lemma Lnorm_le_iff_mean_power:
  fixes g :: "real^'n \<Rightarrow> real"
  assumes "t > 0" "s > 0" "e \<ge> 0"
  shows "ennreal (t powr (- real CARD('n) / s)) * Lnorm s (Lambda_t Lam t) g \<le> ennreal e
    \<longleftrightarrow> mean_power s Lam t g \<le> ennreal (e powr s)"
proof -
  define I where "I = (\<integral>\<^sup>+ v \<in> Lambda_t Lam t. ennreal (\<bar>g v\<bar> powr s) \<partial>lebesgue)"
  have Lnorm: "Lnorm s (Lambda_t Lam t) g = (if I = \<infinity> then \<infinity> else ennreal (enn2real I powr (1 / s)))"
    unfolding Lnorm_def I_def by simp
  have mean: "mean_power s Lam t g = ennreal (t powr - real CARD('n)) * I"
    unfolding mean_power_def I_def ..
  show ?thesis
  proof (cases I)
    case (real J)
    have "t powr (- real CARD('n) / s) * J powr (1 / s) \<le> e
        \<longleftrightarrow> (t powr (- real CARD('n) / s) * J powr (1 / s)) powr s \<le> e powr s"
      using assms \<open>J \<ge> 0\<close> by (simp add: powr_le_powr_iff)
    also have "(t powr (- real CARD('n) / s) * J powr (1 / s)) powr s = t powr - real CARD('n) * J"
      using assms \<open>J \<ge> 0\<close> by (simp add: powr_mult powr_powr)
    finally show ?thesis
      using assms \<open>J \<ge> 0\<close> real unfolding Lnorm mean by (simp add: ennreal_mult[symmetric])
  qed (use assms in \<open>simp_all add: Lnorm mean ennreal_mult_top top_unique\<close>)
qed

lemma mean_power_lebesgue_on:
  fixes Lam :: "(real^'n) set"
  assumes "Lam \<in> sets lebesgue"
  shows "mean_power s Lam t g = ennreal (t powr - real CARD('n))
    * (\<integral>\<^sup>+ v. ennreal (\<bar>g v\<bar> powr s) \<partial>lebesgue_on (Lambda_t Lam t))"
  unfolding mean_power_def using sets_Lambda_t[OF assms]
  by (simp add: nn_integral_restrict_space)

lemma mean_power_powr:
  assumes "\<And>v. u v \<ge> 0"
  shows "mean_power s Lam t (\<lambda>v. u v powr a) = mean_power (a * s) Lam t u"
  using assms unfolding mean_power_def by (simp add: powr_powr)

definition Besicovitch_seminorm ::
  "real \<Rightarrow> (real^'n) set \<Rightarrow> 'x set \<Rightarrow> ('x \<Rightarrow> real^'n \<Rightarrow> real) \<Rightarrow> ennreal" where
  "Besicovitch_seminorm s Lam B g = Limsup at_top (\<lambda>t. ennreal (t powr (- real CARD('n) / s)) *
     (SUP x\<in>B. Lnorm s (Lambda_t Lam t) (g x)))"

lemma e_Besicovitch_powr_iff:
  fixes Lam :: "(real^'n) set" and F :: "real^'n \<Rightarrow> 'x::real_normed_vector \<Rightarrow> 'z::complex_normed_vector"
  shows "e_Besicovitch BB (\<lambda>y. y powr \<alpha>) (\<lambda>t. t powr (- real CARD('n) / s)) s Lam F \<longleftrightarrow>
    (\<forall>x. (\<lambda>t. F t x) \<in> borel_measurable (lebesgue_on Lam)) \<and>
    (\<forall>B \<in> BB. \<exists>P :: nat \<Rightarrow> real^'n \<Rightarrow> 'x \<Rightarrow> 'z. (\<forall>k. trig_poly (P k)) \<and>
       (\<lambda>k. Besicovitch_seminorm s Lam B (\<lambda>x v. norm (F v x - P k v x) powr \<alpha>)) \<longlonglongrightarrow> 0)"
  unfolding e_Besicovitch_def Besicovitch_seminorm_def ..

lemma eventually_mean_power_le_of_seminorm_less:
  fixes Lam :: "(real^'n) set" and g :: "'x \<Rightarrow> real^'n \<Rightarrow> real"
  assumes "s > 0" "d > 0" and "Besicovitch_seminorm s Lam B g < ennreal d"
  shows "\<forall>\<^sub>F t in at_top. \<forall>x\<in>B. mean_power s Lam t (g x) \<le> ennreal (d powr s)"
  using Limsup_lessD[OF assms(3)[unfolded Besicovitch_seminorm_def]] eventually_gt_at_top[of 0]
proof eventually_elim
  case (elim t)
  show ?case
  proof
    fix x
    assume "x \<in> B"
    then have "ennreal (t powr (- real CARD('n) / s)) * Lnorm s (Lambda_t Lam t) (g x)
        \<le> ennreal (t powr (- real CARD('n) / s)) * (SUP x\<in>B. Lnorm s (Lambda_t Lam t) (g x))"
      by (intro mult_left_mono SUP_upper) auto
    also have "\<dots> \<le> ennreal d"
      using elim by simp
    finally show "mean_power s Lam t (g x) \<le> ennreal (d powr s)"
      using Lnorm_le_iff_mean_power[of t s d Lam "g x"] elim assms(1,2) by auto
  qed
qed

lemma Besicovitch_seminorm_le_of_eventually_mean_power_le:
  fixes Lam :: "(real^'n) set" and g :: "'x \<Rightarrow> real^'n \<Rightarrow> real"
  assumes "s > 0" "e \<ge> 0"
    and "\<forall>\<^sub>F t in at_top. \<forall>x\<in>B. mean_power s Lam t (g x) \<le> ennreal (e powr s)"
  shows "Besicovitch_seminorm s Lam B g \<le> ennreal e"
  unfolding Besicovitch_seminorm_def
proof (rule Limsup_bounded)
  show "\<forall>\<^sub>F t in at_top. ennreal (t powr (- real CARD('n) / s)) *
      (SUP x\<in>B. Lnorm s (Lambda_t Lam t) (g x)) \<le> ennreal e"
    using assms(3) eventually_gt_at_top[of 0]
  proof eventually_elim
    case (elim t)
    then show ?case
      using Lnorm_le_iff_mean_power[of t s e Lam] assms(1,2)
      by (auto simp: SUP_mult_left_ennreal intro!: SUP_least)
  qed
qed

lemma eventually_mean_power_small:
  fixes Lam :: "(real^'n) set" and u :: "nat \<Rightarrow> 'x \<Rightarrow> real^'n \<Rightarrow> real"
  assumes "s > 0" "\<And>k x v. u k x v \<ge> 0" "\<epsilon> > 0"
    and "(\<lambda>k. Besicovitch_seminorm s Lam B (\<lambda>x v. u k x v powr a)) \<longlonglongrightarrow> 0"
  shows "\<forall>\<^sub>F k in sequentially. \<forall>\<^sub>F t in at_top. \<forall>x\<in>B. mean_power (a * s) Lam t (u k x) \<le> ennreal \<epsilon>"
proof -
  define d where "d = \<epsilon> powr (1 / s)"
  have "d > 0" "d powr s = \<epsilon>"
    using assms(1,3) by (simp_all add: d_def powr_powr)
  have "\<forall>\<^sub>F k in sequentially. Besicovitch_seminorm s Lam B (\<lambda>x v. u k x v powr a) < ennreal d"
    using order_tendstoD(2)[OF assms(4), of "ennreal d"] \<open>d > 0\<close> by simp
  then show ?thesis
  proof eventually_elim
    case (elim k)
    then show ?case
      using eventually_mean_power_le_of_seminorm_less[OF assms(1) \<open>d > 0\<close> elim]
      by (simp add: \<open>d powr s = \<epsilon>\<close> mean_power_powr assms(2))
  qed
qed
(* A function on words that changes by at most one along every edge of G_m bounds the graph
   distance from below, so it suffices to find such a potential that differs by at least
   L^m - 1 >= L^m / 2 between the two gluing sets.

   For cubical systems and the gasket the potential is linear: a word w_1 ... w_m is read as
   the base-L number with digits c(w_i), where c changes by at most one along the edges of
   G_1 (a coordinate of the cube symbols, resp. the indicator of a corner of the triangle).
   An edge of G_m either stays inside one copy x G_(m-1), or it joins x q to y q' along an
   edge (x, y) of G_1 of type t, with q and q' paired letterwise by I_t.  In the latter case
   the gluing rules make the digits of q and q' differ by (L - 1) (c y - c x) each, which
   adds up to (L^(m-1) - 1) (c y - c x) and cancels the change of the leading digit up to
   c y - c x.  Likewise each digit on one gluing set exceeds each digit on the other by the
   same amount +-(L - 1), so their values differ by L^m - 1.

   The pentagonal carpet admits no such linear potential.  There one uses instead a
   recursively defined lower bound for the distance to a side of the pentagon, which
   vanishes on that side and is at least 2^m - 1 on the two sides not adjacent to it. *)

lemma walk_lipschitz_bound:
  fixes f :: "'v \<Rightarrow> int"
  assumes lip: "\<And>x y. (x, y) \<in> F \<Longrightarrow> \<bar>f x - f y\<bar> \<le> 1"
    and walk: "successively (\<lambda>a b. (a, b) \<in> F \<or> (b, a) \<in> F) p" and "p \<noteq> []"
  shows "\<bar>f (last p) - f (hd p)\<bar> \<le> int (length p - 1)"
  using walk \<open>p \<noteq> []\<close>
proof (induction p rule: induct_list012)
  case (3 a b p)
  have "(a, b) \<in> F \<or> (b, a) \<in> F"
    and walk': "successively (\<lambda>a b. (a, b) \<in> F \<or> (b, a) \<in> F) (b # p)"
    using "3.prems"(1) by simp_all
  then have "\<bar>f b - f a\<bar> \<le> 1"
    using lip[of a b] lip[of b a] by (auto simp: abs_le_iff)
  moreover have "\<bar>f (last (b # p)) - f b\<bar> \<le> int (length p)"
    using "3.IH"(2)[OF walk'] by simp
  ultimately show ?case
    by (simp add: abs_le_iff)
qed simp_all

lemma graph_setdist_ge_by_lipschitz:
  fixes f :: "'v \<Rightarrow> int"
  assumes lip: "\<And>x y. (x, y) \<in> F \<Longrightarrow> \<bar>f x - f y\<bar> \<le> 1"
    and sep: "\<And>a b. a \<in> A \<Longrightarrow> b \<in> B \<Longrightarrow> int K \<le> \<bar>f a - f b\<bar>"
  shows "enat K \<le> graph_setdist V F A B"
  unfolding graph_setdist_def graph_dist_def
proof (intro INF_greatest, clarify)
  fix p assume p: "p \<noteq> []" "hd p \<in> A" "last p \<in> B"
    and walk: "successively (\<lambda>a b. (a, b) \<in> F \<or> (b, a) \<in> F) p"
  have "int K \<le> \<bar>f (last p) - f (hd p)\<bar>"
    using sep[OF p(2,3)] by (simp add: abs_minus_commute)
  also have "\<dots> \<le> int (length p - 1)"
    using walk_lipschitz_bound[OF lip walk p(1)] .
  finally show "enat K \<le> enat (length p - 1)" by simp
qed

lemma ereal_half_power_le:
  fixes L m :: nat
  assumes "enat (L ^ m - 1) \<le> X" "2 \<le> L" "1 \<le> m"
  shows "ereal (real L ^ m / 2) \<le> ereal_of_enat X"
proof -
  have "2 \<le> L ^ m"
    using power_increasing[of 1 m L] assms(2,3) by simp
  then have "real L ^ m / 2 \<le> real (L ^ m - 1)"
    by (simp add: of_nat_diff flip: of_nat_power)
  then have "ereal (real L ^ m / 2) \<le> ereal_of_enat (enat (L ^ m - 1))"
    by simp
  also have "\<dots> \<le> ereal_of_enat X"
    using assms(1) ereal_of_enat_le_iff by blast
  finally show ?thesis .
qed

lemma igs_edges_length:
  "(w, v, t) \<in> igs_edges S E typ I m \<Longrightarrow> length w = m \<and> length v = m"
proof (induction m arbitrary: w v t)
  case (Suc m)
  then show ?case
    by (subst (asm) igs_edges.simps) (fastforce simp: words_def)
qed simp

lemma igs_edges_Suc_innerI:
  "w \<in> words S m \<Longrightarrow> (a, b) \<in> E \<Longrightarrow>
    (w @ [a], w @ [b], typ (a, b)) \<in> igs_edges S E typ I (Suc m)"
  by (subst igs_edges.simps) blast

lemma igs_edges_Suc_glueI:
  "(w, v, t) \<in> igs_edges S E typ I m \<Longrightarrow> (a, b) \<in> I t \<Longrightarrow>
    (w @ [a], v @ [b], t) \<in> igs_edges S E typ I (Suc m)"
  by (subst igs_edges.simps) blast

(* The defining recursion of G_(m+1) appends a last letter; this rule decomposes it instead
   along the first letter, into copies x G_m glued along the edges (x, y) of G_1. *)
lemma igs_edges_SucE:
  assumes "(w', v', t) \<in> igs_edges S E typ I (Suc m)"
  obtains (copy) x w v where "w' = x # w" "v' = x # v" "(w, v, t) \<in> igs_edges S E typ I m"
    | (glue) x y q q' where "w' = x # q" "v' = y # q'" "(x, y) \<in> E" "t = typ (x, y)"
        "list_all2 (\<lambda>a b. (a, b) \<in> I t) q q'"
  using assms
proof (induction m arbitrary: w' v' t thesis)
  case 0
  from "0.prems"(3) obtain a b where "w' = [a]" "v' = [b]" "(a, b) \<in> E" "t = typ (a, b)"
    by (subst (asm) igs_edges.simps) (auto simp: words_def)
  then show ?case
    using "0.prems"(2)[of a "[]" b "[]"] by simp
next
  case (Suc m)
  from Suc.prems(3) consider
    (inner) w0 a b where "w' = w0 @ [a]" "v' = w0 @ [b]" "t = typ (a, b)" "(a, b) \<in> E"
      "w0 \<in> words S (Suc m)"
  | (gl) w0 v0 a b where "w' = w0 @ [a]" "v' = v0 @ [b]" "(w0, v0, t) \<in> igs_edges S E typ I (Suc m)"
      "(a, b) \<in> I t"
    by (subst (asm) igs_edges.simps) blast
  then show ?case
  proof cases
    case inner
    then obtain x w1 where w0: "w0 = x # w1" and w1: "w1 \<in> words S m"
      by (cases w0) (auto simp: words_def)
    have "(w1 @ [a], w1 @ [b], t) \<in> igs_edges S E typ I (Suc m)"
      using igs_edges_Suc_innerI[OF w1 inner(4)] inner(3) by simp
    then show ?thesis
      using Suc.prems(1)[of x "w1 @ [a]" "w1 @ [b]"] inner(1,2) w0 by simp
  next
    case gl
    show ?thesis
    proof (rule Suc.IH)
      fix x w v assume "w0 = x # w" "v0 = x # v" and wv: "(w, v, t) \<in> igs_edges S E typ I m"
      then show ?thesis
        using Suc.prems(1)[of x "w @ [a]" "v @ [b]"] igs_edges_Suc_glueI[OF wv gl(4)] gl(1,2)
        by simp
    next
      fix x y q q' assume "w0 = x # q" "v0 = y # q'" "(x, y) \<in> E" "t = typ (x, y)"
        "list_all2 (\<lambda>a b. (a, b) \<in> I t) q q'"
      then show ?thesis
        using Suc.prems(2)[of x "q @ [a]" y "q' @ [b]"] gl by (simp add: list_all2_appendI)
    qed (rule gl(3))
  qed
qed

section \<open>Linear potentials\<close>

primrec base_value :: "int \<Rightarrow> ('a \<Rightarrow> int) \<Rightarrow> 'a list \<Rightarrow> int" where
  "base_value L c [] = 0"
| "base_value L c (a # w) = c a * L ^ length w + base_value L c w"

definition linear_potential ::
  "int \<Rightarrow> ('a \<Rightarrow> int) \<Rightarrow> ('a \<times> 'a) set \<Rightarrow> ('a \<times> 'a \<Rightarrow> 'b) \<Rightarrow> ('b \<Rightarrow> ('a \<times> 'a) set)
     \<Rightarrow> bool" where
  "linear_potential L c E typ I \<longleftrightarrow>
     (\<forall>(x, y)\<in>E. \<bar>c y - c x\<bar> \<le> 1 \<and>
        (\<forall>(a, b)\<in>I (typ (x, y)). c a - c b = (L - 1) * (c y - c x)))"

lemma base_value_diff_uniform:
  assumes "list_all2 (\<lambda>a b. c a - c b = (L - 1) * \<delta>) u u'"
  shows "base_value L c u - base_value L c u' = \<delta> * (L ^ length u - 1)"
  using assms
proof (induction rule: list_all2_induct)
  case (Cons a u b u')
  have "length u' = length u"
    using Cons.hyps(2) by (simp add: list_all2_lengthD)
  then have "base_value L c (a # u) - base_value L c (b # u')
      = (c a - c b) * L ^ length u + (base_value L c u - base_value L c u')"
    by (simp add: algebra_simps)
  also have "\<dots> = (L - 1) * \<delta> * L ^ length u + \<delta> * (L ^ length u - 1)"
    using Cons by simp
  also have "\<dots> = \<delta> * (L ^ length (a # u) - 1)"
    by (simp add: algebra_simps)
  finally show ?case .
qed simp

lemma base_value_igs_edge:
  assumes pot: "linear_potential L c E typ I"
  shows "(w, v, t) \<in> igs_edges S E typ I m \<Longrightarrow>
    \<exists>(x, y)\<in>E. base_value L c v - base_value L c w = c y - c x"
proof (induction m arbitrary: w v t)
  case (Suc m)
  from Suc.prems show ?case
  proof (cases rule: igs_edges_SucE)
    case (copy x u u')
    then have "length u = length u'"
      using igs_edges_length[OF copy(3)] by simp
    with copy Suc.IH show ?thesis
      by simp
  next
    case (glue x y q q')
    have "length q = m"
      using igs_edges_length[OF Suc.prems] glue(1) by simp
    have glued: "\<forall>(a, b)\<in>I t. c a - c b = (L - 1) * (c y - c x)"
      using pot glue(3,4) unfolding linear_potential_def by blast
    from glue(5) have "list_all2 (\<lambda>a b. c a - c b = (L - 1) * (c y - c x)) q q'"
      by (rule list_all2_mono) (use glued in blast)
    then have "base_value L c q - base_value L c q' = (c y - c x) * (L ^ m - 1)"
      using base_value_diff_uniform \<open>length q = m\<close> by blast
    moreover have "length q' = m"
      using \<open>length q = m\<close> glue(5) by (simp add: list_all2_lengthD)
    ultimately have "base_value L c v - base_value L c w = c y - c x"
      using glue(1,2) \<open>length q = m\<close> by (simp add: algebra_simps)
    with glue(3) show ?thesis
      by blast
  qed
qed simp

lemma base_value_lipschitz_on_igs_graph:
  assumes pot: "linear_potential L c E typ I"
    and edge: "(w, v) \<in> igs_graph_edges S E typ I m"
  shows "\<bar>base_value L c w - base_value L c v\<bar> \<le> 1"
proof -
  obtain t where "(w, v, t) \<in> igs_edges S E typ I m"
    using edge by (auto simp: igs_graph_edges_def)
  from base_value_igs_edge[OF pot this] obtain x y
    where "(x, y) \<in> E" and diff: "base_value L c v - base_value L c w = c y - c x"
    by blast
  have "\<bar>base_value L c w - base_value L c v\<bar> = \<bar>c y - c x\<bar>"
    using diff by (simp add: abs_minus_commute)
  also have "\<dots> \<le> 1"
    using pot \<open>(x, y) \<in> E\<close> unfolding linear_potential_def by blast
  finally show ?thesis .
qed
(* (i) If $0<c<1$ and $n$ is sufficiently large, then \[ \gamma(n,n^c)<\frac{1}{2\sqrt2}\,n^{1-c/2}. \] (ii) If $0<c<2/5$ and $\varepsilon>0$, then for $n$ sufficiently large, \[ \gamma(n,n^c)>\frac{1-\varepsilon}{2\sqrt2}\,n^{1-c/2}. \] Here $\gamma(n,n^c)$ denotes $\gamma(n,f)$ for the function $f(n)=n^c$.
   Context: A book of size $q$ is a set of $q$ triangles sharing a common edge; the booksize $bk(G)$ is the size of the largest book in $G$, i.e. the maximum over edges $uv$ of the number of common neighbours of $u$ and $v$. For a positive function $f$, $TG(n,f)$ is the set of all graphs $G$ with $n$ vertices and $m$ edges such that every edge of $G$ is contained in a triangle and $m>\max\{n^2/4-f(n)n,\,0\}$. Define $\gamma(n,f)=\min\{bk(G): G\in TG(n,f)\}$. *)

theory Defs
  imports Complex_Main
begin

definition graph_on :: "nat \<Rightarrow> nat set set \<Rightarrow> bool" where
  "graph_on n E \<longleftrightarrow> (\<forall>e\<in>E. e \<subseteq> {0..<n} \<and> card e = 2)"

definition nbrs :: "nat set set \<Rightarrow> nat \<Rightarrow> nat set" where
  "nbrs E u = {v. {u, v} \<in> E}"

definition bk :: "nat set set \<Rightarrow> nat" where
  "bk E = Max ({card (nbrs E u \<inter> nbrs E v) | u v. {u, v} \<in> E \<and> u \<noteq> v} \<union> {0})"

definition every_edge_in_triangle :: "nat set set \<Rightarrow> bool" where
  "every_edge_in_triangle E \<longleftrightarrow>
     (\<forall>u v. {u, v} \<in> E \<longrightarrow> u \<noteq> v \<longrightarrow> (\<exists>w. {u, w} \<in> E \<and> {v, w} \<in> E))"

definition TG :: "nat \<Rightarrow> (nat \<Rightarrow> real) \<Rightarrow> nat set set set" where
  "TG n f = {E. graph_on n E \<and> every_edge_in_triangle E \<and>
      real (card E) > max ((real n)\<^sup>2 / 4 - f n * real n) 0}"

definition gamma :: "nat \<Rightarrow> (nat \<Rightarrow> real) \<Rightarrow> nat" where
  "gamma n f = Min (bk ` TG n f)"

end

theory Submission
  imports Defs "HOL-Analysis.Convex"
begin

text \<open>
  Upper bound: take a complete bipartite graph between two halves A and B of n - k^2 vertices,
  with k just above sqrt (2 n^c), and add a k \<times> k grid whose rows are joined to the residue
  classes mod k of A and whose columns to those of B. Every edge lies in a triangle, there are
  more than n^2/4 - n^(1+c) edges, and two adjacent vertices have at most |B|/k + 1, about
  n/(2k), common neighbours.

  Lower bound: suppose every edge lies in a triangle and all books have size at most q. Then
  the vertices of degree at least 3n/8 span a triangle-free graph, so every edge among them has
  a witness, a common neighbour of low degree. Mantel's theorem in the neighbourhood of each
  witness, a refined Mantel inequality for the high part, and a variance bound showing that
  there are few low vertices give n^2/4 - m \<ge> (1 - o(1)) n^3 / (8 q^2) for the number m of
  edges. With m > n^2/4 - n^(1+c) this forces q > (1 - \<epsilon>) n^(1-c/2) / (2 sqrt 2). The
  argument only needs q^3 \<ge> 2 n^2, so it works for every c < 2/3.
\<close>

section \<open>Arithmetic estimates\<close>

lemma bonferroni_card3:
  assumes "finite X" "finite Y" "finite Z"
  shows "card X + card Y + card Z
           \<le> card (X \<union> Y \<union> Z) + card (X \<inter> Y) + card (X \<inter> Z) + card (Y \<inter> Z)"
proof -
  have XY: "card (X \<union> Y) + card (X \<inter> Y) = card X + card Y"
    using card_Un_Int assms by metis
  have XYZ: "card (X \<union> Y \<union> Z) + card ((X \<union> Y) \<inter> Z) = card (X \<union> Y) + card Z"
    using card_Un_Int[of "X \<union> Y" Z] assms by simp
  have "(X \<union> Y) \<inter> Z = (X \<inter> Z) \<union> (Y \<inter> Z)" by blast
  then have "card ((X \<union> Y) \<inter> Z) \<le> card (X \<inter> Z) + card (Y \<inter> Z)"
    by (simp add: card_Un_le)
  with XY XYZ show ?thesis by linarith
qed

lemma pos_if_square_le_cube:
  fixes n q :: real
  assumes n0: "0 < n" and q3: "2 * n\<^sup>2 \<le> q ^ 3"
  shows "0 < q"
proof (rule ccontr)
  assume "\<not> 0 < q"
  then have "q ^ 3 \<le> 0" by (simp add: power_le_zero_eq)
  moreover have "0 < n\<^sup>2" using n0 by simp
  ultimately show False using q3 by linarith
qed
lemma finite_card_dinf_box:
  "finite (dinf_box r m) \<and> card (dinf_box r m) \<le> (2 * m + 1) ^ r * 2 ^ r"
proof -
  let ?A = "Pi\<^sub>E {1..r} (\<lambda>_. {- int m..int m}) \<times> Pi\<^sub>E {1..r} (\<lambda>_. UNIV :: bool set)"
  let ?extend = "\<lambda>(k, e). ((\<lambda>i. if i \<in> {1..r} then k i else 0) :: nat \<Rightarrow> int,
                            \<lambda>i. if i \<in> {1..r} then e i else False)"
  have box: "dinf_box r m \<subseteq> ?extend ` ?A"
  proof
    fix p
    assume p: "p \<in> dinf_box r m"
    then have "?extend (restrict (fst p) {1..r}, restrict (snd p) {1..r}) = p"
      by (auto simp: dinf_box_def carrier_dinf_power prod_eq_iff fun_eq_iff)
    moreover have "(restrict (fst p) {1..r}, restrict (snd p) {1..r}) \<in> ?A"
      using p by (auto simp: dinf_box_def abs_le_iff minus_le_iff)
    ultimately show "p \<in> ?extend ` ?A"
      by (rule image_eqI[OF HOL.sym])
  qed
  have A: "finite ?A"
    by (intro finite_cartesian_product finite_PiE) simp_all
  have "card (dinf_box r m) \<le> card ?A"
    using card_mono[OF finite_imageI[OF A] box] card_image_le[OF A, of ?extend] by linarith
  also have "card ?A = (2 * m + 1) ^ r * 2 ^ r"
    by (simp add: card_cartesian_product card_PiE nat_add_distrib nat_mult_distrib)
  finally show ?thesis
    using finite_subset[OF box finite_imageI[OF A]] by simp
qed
● ● ● ● ● ● ●
**What to produce**:
Of all the entries above, output exactly the lines between the one holding "c v\<bar> \<le>" and the one holding "n E \<longleftrightarrow>", inclusive.

**Result for this exercise**:
  shows "\<bar>base_value L c w - base_value L c v\<bar> \<le> 1"
proof -
  obtain t where "(w, v, t) \<in> igs_edges S E typ I m"
    using edge by (auto simp: igs_graph_edges_def)
  from base_value_igs_edge[OF pot this] obtain x y
    where "(x, y) \<in> E" and diff: "base_value L c v - base_value L c w = c y - c x"
    by blast
  have "\<bar>base_value L c w - base_value L c v\<bar> = \<bar>c y - c x\<bar>"
    using diff by (simp add: abs_minus_commute)
  also have "\<dots> \<le> 1"
    using pot \<open>(x, y) \<in> E\<close> unfolding linear_potential_def by blast
  finally show ?thesis .
qed
(* (i) If $0<c<1$ and $n$ is sufficiently large, then \[ \gamma(n,n^c)<\frac{1}{2\sqrt2}\,n^{1-c/2}. \] (ii) If $0<c<2/5$ and $\varepsilon>0$, then for $n$ sufficiently large, \[ \gamma(n,n^c)>\frac{1-\varepsilon}{2\sqrt2}\,n^{1-c/2}. \] Here $\gamma(n,n^c)$ denotes $\gamma(n,f)$ for the function $f(n)=n^c$.
   Context: A book of size $q$ is a set of $q$ triangles sharing a common edge; the booksize $bk(G)$ is the size of the largest book in $G$, i.e. the maximum over edges $uv$ of the number of common neighbours of $u$ and $v$. For a positive function $f$, $TG(n,f)$ is the set of all graphs $G$ with $n$ vertices and $m$ edges such that every edge of $G$ is contained in a triangle and $m>\max\{n^2/4-f(n)n,\,0\}$. Define $\gamma(n,f)=\min\{bk(G): G\in TG(n,f)\}$. *)

theory Defs
  imports Complex_Main
begin

definition graph_on :: "nat \<Rightarrow> nat set set \<Rightarrow> bool" where
  "graph_on n E \<longleftrightarrow> (\<forall>e\<in>E. e \<subseteq> {0..<n} \<and> card e = 2)"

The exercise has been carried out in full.